Snowflake Chairman Frank Slotman attends the Snowflake 2022 Summit in Las Vegas on June 14, 2022.

Snowflake | Via Reuters

Shares of Snowflake closed up 18% on Thursday, a day after the cloud software company announced that billionaire Frank Slootman would retire and be replaced by Sridhar Ramaswamy, Googleformer advertising chief of. Slotman will remain chairman of the board.

The company also reported fourth-quarter earnings results and a weaker-than-expected first-quarter outlook on Wednesday. Snowflake said first-quarter product revenue would be between $745 million and $750 million, compared with analysts’ estimates of $759 million for StreetAccount. The company said first-quarter adjusted operating margin would be 3 percent, below the 7.2 percent analysts expected.

Analysts at Morgan Stanley downgraded Snowflake shares to equal weight from overweight and cut their price target to $175 from $230, writing in a note to investors on Thursday that the company’s fourth-quarter results could open “Pandora’s box with concerns about competition”.

“The sharper-than-expected slowdown embedded in the FY25 guidance and the CEO departure are likely to increase investor concerns about Generative AI’s competition and positioning,” they wrote.

Analysts at Macquarie Equity Research wrote that Slootman’s departure was “the entry point we expected,” upgrading the stock to outperform and raising their price target to $205 from $182.

“SNOW cleared the decks with its lower guidance, but we think its strong product and sales organization mitigate C-suite uncertainty,” analysts wrote to investors in a note on Thursday. “We like Mr. Ramaswamy as CEO. His leadership and SNOW’s focus on AI/ML address our concerns about AI products.”

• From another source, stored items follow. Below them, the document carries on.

lemma independent_bas: "\<not> qs.dependent (bas ` X)"
  unfolding qs.independent_explicit_module
proof (intro allI impI)
  fix T c v
  assume T: "finite T" "T \<subseteq> bas ` X" and lincomb: "(\<Sum>v\<in>T. qscale (c v) v) = 0" and "v \<in> T"
  then obtain a where a: "v = bas a" by blast
  have "(\<Sum>v'\<in>T. qscale (c v') v') a = (\<Sum>v'\<in>T. if v' = v then c v' else 0)"
    unfolding sum_apply
  proof (rule sum.cong[OF refl])
    fix v' assume "v' \<in> T"
    then obtain b where "v' = bas b" using T(2) by blast
    then show "qscale (c v') v' a = (if v' = v then c v' else 0)"
      using a by (auto simp: qscale_def bas_def fun_eq_iff)
  qed
  then show "c v = 0" using lincomb T(1) \<open>v \<in> T\<close> by (simp add: sum.delta')
qed

lemma span_bas_subset: "qs.span (bas ` X) \<subseteq> {f. \<forall>u. f u \<noteq> 0 \<longrightarrow> u \<in> X}"
proof (rule qs.span_minimal)
  show "bas ` X \<subseteq> {f. \<forall>u. f u \<noteq> 0 \<longrightarrow> u \<in> X}" by (auto simp: bas_def split: if_splits)
  show "qs.subspace {f. \<forall>u. f u \<noteq> 0 \<longrightarrow> u \<in> X}"
    by (auto simp: qs.subspace_def qscale_def) (metis add_0)
qed

lemma dim_Vspace:
  assumes "finite (range w)"
  shows "qs.dim (Vspace w n) = card {u \<in> Fac w. length u = n}"
proof (rule qs.dim_unique)
  let ?F = "{u \<in> Fac w. length u = n}"
  have fin: "finite ?F" using finite_Fac_length_eq[OF assms] .
  show "bas ` ?F \<subseteq> Vspace w n"
    by (auto simp: Vspace_def facalg_def bas_def split: if_splits)
  show "Vspace w n \<subseteq> qs.span (bas ` ?F)"
  proof
    fix f assume f: "f \<in> Vspace w n"
    have "(\<Sum>u\<in>?F. qscale (f u) (bas u)) s = f s" for s
    proof -
      have "(\<Sum>u\<in>?F. qscale (f u) (bas u)) s = (\<Sum>u\<in>?F. if s = u then f s else 0)"
        unfolding sum_apply by (rule sum.cong) (auto simp: qscale_def bas_def)
      also have "\<dots> = f s"
        using f fin by (auto simp: Vspace_def facalg_def)
      finally show ?thesis .
    qed
    then have "f = (\<Sum>u\<in>?F. qscale (f u) (bas u))" by auto
    also have "\<dots> \<in> qs.span (bas ` ?F)"
      by (intro qs.span_sum qs.span_scale qs.span_base) auto
    finally show "f \<in> qs.span (bas ` ?F)" .
  qed
  show "\<not> qs.dependent (bas ` ?F)" by (rule independent_bas)
  show "card (bas ` ?F) = card ?F"
    by (rule card_image[OF inj_on_subset[OF inj_bas subset_UNIV]])
qed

Ramaswamy spent 15 years at Google. He left to co-found consumer search engine Neeva in 2019, hoping it could rival Google. The company shuttered its product and was acquired by Snowflake for $185 million last year.

Prior to Slootman’s tenure, Snowflake was led by the former Microsoft CEO Bob Muglia until his sudden removal in April 2019.

— CNBC’s Michael Bloom and Jonathan Vanian contributed to this report.